Funny thing, had I been employed by that company, I sure would not have spent all that time destroying a perfectly good computer; I would have DBAN'd the disk and repurposed the machine... It puzzles me why companies often choose extremely ineffective and costly methods. I guess a smashed computer case means a lot more to a lot of business folks than de-DBANning a disk.
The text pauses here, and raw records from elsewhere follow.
definition bump :: "nat \<Rightarrow> nat \<Rightarrow> nat" where
  "bump i v = (if v = i then Suc i else v)"

lemma card_monotone_maps_above_bump:
  assumes "1 \<le> i" "i \<le> k" "k \<le> c"
  shows "card (monotone_maps_above (bump i) k c) + ballot i i * ballot (k - i) (c - i) = ballot k c"
  using assms(2,3)
proof (induction k arbitrary: c rule: dec_induct)
  case base
  obtain j where j: "i = Suc j" using assms(1) by (cases i) auto
  have "monotone_maps_above (bump i) j x = monotone_maps_above (\<lambda>v. v) j x" for x
    by (rule monotone_maps_above_cong) (simp add: bump_def j)
  then have "card (monotone_maps_above (bump i) i c) = (\<Sum>x\<in>{Suc i..c}. ballot j x)"
    by (simp add: j card_monotone_maps_above_Suc ballot_def bump_def)
  moreover have "ballot i c = ballot i i + (\<Sum>x\<in>{Suc i..c}. ballot j x)"
    using base by (simp add: j ballot_Suc sum.atLeast_Suc_atMost)
  ultimately show ?case by simp
next
  case (step m)
  have "card (monotone_maps_above (bump i) (Suc m) c) =
      (\<Sum>x\<in>{Suc m..c}. card (monotone_maps_above (bump i) m x))"
    using step.hyps by (simp add: card_monotone_maps_above_Suc bump_def)
  moreover have "(\<Sum>x\<in>{Suc m..c}. ballot (m - i) (x - i)) = ballot (Suc m - i) (c - i)"
  proof -
    have "(\<Sum>x\<in>{Suc m..c}. ballot (m - i) (x - i)) =
        (\<Sum>x\<in>{Suc (m - i) + i..(c - i) + i}. ballot (m - i) (x - i))"
      using step by simp
    also have "\<dots> = (\<Sum>y\<in>{Suc (m - i)..c - i}. ballot (m - i) y)"
      by (subst sum.shift_bounds_cl_nat_ivl) simp
    finally show ?thesis
      using step.hyps by (simp add: ballot_Suc Suc_diff_le)
  qed
  moreover have "(\<Sum>x\<in>{Suc m..c}. card (monotone_maps_above (bump i) m x)
      + ballot i i * ballot (m - i) (x - i)) = ballot (Suc m) c"
    unfolding ballot_Suc using step.IH by (intro sum.cong) auto
  ultimately show ?case
    by (simp add: sum.distrib flip: sum_distrib_left)
qed

definition position_map :: "nat \<Rightarrow> (nat \<Rightarrow> 'a) \<Rightarrow> (nat \<Rightarrow> 'a) \<Rightarrow> (nat \<Rightarrow> nat) \<Rightarrow> bool" where
  "position_map n g s q \<longleftrightarrow> (\<forall>y\<in>{1..n}. q y \<in> {1..n} \<and> g y = s (q y))"

lemma sigma_idx_eq: "inj_on s {1..n} \<Longrightarrow> p \<in> {1..n} \<Longrightarrow> sigma_idx n s (s p) = p"
  unfolding sigma_idx_def by (rule the_equality) (auto dest: inj_onD)

lemma F_fun_position_map:
  assumes "inj_on s {1..n}" "position_map n g s q" "j < n"
  shows "F_fun n g s j = Max (q ` {1..j+1}) - 1"
proof -
  have "sigma_idx n s (g y) = q y" if "y \<in> {1..j+1}" for y
    using assms that sigma_idx_eq[OF assms(1)] by (simp add: position_map_def)
  then have "(\<lambda>x. sigma_idx n s x) ` g ` {1..j+1} = q ` {1..j+1}"
    by (simp add: image_image)
  then show ?thesis
    by (simp add: F_fun_def)
qed

lemma prefix_subset_iff_F_fun:
  assumes "inj_on s {1..n}" "position_map n g s q" "v < n" "t < n"
  shows "g ` {1..v+1} \<subseteq> s ` {1..t+1} \<longleftrightarrow> F_fun n g s v \<le> t"
proof -
  have "g y \<in> s ` {1..t+1} \<longleftrightarrow> q y \<le> t + 1" if "y \<in> {1..v+1}" for y
    using assms that inj_on_image_mem_iff[OF assms(1), of "q y" "{1..t+1}"]
    by (auto simp: position_map_def)
  then have "g ` {1..v+1} \<subseteq> s ` {1..t+1} \<longleftrightarrow> (\<forall>y\<in>{1..v+1}. q y \<le> t + 1)"
    by (simp add: image_subset_iff)
  also have "\<dots> \<longleftrightarrow> Max (q ` {1..v+1}) \<le> t + 1"
    by simp
  also have "\<dots> \<longleftrightarrow> F_fun n g s v \<le> t"
    by (simp only: F_fun_position_map[OF assms(1,2,3)] le_diff_conv)
  finally show ?thesis .
qed

lemma coal_histories_eq_monotone_maps_above:
  assumes "inj_on s {1..n}" "position_map n g s q"
  shows "coal_histories n g s = monotone_maps_above (F_fun n g s) (n - 1) (n - 1)"
proof -
  have constraint_iff: "(\<forall>v\<in>{1..n-1}. g ` {1..v+1} \<subseteq> s ` {1..h v+1}) \<longleftrightarrow>
      (\<forall>v\<in>{1..n-1}. F_fun n g s v \<le> h v)" if h: "h \<in> {1..n-1} \<rightarrow>\<^sub>E {1..n-1}" for h
  proof (rule ball_cong[OF refl])
    fix v assume v: "v \<in> {1..n-1}"
    with h have "h v \<in> {1..n-1}" by (rule PiE_mem)
    with v show "g ` {1..v+1} \<subseteq> s ` {1..h v+1} \<longleftrightarrow> F_fun n g s v \<le> h v"
      by (intro prefix_subset_iff_F_fun[OF assms]) auto
  qed
  then show ?thesis
    unfolding coal_histories_def monotone_maps_above_def by (simp cong: conj_cong)
qed

lemma roadblock_eq_singleton:
  assumes "\<And>j. j \<in> {1..n-1} \<Longrightarrow> F_fun n g s j = bump i j" "1 \<le> i" "i \<le> n - 2"
  shows "roadblock n g s = {(i, i)}"
proof
  show "roadblock n g s \<subseteq> {(i, i)}"
  proof clarify
    fix a b assume "(a, b) \<in> roadblock n g s"
    then have ab: "1 \<le> b" "b \<le> a" "a \<le> n - 1" "a < F_fun n g s b"
      by (auto simp: roadblock_def)
    with assms(1)[of b] have "a < bump i b" by simp
    with ab show "a = i \<and> b = i" by (auto simp: bump_def split: if_splits)
  qed
  show "{(i, i)} \<subseteq> roadblock n g s"
    using assms by (simp add: roadblock_def bump_def)
qed

lemma same_cat_iff: "same_cat n x y \<longleftrightarrow> (\<exists>a\<in>{id, transpose 1 2}. \<forall>i\<in>{1..n}. y i = x (a i))"
  unfolding same_cat_def by auto

lemma swap12_image_prefix: "a \<in> {id, transpose 1 (2::nat)} \<Longrightarrow> 2 \<le> m \<Longrightarrow> a ` {1..m} = {1..m}"
  by (elim insertE emptyE) simp_all

lemma Max_nni_image_prefix:
  assumes a: "a \<in> {id, transpose 1 (2::nat)}" and b: "b \<in> {id, transpose 1 (2::nat)}"
    and tau: "(\<tau> = transpose (i+1) (i+2) \<and> 1 \<le> i) \<or> (\<tau> = transpose 1 3 \<and> i = 1)"
    and "1 \<le> j"
  shows "Max ((b \<circ> \<tau> \<circ> a) ` {1..j+1}) = bump i j + 1"
proof -
  have "(b \<circ> \<tau> \<circ> a) ` {1..j+1} = b ` \<tau> ` a ` {1..j+1}"
    by (simp add: image_comp)
  also have "a ` {1..j+1} = {1..j+1}"
    using swap12_image_prefix[OF a] \<open>1 \<le> j\<close> by simp
  finally have "(b \<circ> \<tau> \<circ> a) ` {1..j+1} = b ` \<tau> ` {1..j+1}" .
  moreover consider "j \<noteq> i" | "j = i" by blast
  then have "Max (b ` \<tau> ` {1..j+1}) = bump i j + 1"
  proof cases
    case 1
    have "\<tau> ` {1..j+1} = {1..j+1}"
      using tau
    proof (elim disjE conjE)
      assume "\<tau> = transpose (i+1) (i+2)"
      moreover have "i + 1 \<in> {1..j+1} \<longleftrightarrow> i + 2 \<in> {1..j+1}"
        using 1 by auto
      ultimately show ?thesis by (simp only: transpose_image_eq)
    next
      assume "\<tau> = transpose 1 3" and "i = 1"
      moreover have "1 \<in> {1..j+1} \<longleftrightarrow> 3 \<in> {1..j+1}"
        using 1 \<open>1 \<le> j\<close> \<open>i = 1\<close> by auto
      ultimately show ?thesis by (simp only: transpose_image_eq)
    qed
    then show ?thesis
      using swap12_image_prefix[OF b, of "j+1"] \<open>1 \<le> j\<close> 1 by (auto simp: bump_def intro!: Max_eqI)
  next
    case 2
    have \<tau>_sub: "\<tau> ` {1..i+1} \<subseteq> {1..i+2}" and \<tau>_top: "\<tau> (i+2) \<in> {1..i+1}"
      and \<tau>_inv: "\<tau> (\<tau> (i+2)) = i + 2"
      using tau by (auto simp: transpose_def)
    have "b ` \<tau> ` {1..i+1} \<subseteq> b ` {1..i+2}"
      using \<tau>_sub by (rule image_mono)
    also have "\<dots> = {1..i+2}"
      using swap12_image_prefix[OF b] by simp
    finally have sub: "b ` \<tau> ` {1..i+1} \<subseteq> {1..i+2}" .
    have "b (i+2) = i + 2"
      using b tau by (auto simp: transpose_def)
    with \<tau>_top \<tau>_inv have top: "i + 2 \<in> b ` \<tau> ` {1..i+1}"
      by (metis imageI)
    show ?thesis
    proof (rule Max_eqI)
      show "y \<le> bump i j + 1" if "y \<in> b ` \<tau> ` {1..j+1}" for y
        using subsetD[OF sub] that 2 by (force simp: bump_def)
      show "bump i j + 1 \<in> b ` \<tau> ` {1..j+1}"
        using top 2 by (simp add: bump_def)
    qed simp
  qed
  ultimately show ?thesis by simp
qed

lemma nni_catE:
  assumes "nni_cat n g s" "3 \<le> n"
  obtains g' s' \<tau> i where "same_cat n g g'" "same_cat n s s'"
    "(\<tau> = transpose (i+1) (i+2) \<and> 1 \<le> i) \<or> (\<tau> = transpose 1 3 \<and> i = 1)"
    "1 \<le> i" "i \<le> n - 2" "\<forall>x\<in>{1..n}. s' x = g' (\<tau> x)"
proof -
  obtain g' s' where g': "same_cat n g g'" and s': "same_cat n s s'" and
    "(\<exists>k. 2 \<le> k \<and> k \<le> n - 1 \<and> (\<forall>x\<in>{1..n}. s' x = g' (transpose k (k+1) x)))
      \<or> (\<forall>x\<in>{1..n}. s' x = g' (transpose 1 3 x))"
    using assms(1) unfolding nni_cat_def by blast
  then show thesis
  proof (elim disjE exE conjE)
    fix k assume "2 \<le> k" "k \<le> n - 1" "\<forall>x\<in>{1..n}. s' x = g' (transpose k (k+1) x)"
    then show thesis
      using that[of g' s' "transpose k (k+1)" "k - 1"] g' s'
      by (simp add: numeral_2_eq_2 Suc_diff_le)
  next
    assume "\<forall>x\<in>{1..n}. s' x = g' (transpose 1 3 x)"
    then show thesis
      using that[of g' s' "transpose 1 3" 1] g' s' assms(2) by simp
  qed
qed

lemma nni_cat_position_map:
  assumes "nni_cat n g s" "3 \<le> n"
  obtains q i where "position_map n g s q" "1 \<le> i" "i \<le> n - 2"
    "\<And>j. 1 \<le> j \<Longrightarrow> Max (q ` {1..j+1}) = bump i j + 1"
proof -
  obtain g' s' \<tau> i where g': "same_cat n g g'" and s': "same_cat n s s'"
    and tau: "(\<tau> = transpose (i+1) (i+2) \<and> 1 \<le> i) \<or> (\<tau> = transpose 1 3 \<and> i = 1)"
    and i: "1 \<le> i" "i \<le> n - 2" and s'_g': "\<forall>x\<in>{1..n}. s' x = g' (\<tau> x)"
    using nni_catE[OF assms] .
  obtain a where a: "a \<in> {id, transpose 1 2}" and g'_g: "\<forall>x\<in>{1..n}. g' x = g (a x)"
    using g' unfolding same_cat_iff by blast
  obtain b where b: "b \<in> {id, transpose 1 2}" and s'_s: "\<forall>x\<in>{1..n}. s' x = s (b x)"
    using s' unfolding same_cat_iff by blast
  have range: "a x \<in> {1..n}" "b x \<in> {1..n}" "\<tau> x \<in> {1..n}" if "x \<in> {1..n}" for x
    using that a b tau i assms(2) by (auto simp: transpose_def)
  have involution: "a (a x) = x" "\<tau> (\<tau> x) = x" for x
    using a tau by auto
  have "position_map n g s (b \<circ> \<tau> \<circ> a)"
    unfolding position_map_def
  proof
    fix y assume y: "y \<in> {1..n}"
    then have ay: "a y \<in> {1..n}" and \<tau>ay: "\<tau> (a y) \<in> {1..n}"
      using range by auto
    then have "(b \<circ> \<tau> \<circ> a) y \<in> {1..n}"
      using range by auto
    moreover have "g y = s ((b \<circ> \<tau> \<circ> a) y)"
      using g'_g s'_s s'_g' ay \<tau>ay involution by (metis comp_apply)
    ultimately show "(b \<circ> \<tau> \<circ> a) y \<in> {1..n} \<and> g y = s ((b \<circ> \<tau> \<circ> a) y)" ..
  qed
  with i Max_nni_image_prefix[OF a b tau] show thesis
    using that by blast
qed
Good theater. Hollywood style.
Had I been malicious, I could have caused a lot of people headaches, but I do not do things like that. In creating that much shit, some is bound to come splatter ME as well! Best just take the drive and use it for its intended purpose: storing my bits. I have no use for the bits that was on it, so Format C: is good enough for me. Just gives me a blank slate to work with ( Yes, I know the old data is still there, but my OS considers it all available for overwrite, until I mark it off as in use. ).
My guess is a DBAN'd disk at the surplus store, sold to God-knows-who, is still several orders of magnitude more secure than that disk was when it was in the machine, all of its data intact, especially if it was running on a Microsoft system. All those damned backdoors, they find more every day, and even the security patches introduce more of them. Can't even trust the silicon anymore, with all this Intel Management Engine stuff that gives all appearances of being the poster child of No Such Agency.
(Score: 2) by Azuma Hazuki on Wednesday April 18 2018, @07:48PM
People Don't Get Computers. I think we're all a little solipsistic here about this, kind of implicitly assuming everyone has at least some bare basic knowledge of their computers and how the parts inside work. Nope. It's seriously worse than cars with these people, which is weird since a computer is way the hell less complicated.
I am "that girl" your mother warned you about...
(Score: 0) by Anonymous Coward on Wednesday April 18 2018, @09:36AM (1 child)
Thermite is what you want. And when in doubt: C4. Shout-out to Mythbusters, of course ;)
(Score: 2) by The Mighty Buzzard on Wednesday April 18 2018, @10:58AM
I've already got the TLAs paying too much attention to me just for being a veteran, thanks. I'll stick with less flashy methods.
My rights don't end where your fear begins.